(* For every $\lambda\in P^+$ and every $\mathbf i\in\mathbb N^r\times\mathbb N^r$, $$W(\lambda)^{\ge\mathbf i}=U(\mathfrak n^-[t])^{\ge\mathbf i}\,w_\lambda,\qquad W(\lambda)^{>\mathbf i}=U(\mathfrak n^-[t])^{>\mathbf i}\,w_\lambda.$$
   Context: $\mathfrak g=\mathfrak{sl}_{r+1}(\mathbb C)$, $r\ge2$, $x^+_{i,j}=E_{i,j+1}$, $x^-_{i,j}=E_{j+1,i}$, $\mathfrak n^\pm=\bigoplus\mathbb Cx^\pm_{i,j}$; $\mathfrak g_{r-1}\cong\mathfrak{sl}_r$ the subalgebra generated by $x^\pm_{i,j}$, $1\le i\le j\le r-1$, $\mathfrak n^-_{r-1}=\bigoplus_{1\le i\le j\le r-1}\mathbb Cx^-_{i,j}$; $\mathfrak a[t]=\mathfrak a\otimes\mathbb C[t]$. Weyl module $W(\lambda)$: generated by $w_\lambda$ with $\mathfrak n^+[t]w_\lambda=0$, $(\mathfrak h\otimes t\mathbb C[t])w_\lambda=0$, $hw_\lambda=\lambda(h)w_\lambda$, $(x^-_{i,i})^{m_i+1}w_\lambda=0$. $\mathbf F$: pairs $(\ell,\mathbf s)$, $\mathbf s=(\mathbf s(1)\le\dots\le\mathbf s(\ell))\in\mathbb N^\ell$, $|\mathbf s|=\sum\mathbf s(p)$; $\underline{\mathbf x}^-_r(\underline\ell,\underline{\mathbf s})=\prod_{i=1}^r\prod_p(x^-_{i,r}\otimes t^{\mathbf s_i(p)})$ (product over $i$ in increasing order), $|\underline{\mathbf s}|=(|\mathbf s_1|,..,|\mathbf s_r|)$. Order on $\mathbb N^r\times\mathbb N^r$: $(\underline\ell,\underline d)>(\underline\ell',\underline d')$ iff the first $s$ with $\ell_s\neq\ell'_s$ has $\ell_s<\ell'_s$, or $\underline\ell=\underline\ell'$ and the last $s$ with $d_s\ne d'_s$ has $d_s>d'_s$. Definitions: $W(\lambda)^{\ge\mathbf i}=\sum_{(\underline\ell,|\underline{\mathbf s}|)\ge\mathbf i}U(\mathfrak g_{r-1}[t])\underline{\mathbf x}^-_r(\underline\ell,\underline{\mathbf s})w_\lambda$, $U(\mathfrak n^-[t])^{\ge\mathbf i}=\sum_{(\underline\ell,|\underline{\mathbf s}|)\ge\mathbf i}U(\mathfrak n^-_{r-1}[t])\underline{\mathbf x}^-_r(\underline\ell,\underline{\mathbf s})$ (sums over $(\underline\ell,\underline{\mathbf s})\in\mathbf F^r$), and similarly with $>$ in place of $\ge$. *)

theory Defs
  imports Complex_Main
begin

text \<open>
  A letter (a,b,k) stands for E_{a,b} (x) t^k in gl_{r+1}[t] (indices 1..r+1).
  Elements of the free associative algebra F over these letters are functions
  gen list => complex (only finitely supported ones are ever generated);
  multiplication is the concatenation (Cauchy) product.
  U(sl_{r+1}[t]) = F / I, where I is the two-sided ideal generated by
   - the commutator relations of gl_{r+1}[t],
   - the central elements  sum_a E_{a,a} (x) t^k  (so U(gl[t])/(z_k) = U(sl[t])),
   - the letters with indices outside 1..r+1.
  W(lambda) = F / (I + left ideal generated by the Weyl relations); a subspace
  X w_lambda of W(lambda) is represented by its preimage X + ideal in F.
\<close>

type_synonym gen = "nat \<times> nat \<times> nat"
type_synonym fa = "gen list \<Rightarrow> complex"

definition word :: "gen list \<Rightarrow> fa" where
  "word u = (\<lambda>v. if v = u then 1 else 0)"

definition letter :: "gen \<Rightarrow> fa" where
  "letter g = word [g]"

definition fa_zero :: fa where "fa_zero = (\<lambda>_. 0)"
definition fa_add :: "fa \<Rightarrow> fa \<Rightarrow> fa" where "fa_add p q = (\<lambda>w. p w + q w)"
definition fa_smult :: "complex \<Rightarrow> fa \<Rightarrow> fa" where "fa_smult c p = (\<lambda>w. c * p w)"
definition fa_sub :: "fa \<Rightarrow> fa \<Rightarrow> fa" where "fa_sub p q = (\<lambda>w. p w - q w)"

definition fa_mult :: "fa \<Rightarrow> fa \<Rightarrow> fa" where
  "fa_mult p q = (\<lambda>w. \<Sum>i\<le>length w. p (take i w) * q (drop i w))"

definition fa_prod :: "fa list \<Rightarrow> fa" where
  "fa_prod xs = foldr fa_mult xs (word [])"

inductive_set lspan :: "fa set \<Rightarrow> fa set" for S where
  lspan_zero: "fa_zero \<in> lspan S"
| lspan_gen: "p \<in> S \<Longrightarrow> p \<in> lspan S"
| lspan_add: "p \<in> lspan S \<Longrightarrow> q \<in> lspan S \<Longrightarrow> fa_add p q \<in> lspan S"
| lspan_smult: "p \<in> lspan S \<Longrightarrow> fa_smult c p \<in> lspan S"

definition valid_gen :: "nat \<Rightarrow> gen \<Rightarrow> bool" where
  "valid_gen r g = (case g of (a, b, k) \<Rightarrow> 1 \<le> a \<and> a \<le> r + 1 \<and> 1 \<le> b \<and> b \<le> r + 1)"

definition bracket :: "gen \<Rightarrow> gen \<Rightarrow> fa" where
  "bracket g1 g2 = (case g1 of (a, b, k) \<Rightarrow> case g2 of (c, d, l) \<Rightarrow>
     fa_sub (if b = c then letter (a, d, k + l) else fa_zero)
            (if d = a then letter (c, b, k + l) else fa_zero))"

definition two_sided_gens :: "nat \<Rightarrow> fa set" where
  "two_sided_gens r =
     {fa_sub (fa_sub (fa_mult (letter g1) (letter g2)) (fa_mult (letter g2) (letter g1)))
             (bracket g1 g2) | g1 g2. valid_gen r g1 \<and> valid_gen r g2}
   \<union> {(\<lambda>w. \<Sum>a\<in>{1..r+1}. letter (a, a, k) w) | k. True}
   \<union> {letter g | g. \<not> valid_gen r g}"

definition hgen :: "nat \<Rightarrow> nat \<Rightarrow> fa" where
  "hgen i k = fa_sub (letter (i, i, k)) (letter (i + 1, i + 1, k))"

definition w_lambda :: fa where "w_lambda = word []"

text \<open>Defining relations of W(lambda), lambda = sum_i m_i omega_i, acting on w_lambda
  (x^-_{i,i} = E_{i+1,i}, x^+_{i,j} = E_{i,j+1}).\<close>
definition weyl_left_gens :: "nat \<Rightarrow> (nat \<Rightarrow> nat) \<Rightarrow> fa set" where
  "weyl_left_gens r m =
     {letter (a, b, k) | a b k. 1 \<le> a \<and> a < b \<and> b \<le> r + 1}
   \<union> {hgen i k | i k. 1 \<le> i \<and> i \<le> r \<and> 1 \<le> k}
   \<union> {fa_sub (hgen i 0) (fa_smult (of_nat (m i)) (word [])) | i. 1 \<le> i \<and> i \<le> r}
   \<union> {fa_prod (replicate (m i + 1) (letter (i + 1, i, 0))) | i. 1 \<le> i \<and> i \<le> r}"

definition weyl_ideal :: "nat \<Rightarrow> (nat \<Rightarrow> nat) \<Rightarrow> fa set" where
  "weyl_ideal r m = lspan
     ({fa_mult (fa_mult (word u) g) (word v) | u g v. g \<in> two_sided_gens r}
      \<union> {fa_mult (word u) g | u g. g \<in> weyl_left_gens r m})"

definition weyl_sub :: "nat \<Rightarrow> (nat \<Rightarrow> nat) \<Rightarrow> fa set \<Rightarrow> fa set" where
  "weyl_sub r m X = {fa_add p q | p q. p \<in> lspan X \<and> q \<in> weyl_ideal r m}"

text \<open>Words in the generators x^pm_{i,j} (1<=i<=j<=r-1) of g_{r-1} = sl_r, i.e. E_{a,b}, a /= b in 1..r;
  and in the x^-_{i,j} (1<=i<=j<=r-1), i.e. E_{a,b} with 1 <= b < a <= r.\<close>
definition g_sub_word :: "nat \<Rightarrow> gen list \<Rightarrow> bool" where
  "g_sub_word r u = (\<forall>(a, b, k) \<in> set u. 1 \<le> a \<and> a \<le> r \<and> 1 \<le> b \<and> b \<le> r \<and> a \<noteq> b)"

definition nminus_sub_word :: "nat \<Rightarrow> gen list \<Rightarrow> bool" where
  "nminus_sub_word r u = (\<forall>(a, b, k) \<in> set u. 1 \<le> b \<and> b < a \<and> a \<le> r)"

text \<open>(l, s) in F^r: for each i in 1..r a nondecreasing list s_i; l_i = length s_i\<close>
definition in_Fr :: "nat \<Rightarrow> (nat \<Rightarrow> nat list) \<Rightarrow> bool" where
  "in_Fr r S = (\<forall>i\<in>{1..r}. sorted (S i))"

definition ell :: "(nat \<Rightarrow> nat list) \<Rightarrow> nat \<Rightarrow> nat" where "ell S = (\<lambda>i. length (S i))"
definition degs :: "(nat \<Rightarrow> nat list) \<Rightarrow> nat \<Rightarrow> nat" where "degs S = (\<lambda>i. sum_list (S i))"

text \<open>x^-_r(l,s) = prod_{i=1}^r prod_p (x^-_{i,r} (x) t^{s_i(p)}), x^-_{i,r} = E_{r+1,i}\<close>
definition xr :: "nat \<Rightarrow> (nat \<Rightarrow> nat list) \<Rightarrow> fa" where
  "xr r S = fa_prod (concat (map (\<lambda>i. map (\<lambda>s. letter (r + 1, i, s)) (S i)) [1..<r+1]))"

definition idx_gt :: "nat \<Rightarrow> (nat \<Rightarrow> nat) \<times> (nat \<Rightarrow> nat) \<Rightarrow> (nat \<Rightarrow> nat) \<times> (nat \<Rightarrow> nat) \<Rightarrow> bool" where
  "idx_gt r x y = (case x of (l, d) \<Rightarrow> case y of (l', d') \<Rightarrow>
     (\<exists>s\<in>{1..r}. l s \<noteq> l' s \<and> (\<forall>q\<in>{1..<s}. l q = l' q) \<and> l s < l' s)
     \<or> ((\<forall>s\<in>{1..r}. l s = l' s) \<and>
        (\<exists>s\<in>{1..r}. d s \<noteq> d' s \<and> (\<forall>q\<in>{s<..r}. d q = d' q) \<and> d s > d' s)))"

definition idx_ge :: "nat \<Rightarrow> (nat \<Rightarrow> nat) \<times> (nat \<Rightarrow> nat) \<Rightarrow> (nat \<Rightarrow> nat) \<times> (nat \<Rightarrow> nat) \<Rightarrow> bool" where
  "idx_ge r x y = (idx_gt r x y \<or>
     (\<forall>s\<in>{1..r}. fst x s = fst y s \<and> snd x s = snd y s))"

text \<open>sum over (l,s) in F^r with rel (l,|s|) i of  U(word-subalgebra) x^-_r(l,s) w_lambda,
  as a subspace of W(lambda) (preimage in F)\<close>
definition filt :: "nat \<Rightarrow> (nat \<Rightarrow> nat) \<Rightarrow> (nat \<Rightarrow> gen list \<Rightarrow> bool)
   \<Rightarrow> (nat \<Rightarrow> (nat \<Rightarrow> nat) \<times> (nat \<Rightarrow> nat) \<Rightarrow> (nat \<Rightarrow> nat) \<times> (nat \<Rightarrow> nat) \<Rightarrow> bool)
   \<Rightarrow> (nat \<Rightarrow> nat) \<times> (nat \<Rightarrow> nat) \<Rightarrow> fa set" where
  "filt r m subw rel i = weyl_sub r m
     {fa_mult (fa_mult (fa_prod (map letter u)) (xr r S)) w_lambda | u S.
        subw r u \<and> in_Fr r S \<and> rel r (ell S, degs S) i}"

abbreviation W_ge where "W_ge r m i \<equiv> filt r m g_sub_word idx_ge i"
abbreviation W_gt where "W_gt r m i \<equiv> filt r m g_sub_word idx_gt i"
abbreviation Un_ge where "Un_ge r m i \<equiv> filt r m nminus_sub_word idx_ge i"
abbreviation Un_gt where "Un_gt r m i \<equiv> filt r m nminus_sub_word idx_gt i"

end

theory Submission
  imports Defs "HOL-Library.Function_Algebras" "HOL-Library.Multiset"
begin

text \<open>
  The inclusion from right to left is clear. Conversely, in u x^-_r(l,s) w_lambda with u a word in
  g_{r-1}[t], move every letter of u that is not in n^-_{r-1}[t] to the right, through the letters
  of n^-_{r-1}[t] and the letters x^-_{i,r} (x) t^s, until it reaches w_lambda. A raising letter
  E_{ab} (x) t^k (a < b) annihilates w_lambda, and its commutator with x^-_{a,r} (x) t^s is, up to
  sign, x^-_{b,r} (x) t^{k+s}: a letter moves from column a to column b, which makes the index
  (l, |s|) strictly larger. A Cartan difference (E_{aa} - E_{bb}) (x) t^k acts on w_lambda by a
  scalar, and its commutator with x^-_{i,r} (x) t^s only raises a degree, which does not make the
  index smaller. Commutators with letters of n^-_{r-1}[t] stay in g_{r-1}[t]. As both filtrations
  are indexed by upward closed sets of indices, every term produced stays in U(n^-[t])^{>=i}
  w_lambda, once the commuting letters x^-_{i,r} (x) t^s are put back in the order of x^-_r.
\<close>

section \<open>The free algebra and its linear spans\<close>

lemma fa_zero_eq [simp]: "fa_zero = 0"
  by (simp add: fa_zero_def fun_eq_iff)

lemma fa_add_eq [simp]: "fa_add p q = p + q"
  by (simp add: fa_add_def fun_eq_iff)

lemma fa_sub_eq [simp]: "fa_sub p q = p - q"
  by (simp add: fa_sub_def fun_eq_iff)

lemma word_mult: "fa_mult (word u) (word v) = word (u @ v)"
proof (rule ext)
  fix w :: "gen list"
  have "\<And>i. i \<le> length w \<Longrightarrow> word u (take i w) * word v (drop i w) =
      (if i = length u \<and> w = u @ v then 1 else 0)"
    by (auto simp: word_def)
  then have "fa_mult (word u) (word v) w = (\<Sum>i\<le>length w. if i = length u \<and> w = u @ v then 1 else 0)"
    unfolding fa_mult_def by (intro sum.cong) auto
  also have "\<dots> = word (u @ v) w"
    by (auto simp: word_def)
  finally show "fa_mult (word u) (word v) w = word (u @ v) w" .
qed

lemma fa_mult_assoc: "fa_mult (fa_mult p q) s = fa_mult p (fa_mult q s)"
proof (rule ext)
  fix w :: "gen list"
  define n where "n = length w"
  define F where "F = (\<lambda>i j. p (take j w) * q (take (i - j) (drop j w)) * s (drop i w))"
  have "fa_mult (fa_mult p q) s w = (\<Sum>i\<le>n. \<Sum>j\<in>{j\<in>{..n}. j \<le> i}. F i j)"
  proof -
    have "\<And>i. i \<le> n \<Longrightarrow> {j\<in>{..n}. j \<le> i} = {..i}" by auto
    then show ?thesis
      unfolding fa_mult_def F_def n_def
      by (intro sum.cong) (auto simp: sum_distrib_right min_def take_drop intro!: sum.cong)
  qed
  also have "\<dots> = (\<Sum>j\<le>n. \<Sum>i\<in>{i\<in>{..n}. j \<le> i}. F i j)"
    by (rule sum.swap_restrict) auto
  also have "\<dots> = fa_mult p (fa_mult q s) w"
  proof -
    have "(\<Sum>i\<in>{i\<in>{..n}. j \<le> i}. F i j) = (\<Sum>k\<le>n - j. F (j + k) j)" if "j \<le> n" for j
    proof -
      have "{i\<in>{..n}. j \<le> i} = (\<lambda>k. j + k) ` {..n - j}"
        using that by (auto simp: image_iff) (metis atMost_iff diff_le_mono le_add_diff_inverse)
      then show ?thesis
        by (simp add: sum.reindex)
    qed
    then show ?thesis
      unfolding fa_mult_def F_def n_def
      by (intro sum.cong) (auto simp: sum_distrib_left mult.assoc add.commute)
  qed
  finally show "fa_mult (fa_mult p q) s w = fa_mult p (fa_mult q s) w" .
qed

* AIM OF THE TASK
From the data above, copy out every line with the string "relations" in it.

* RESULT BELOW
   - the commutator relations of gl_{r+1}[t],
  W(lambda) = F / (I + left ideal generated by the Weyl relations); a subspace
text \<open>Defining relations of W(lambda), lambda = sum_i m_i omega_i, acting on w_lambda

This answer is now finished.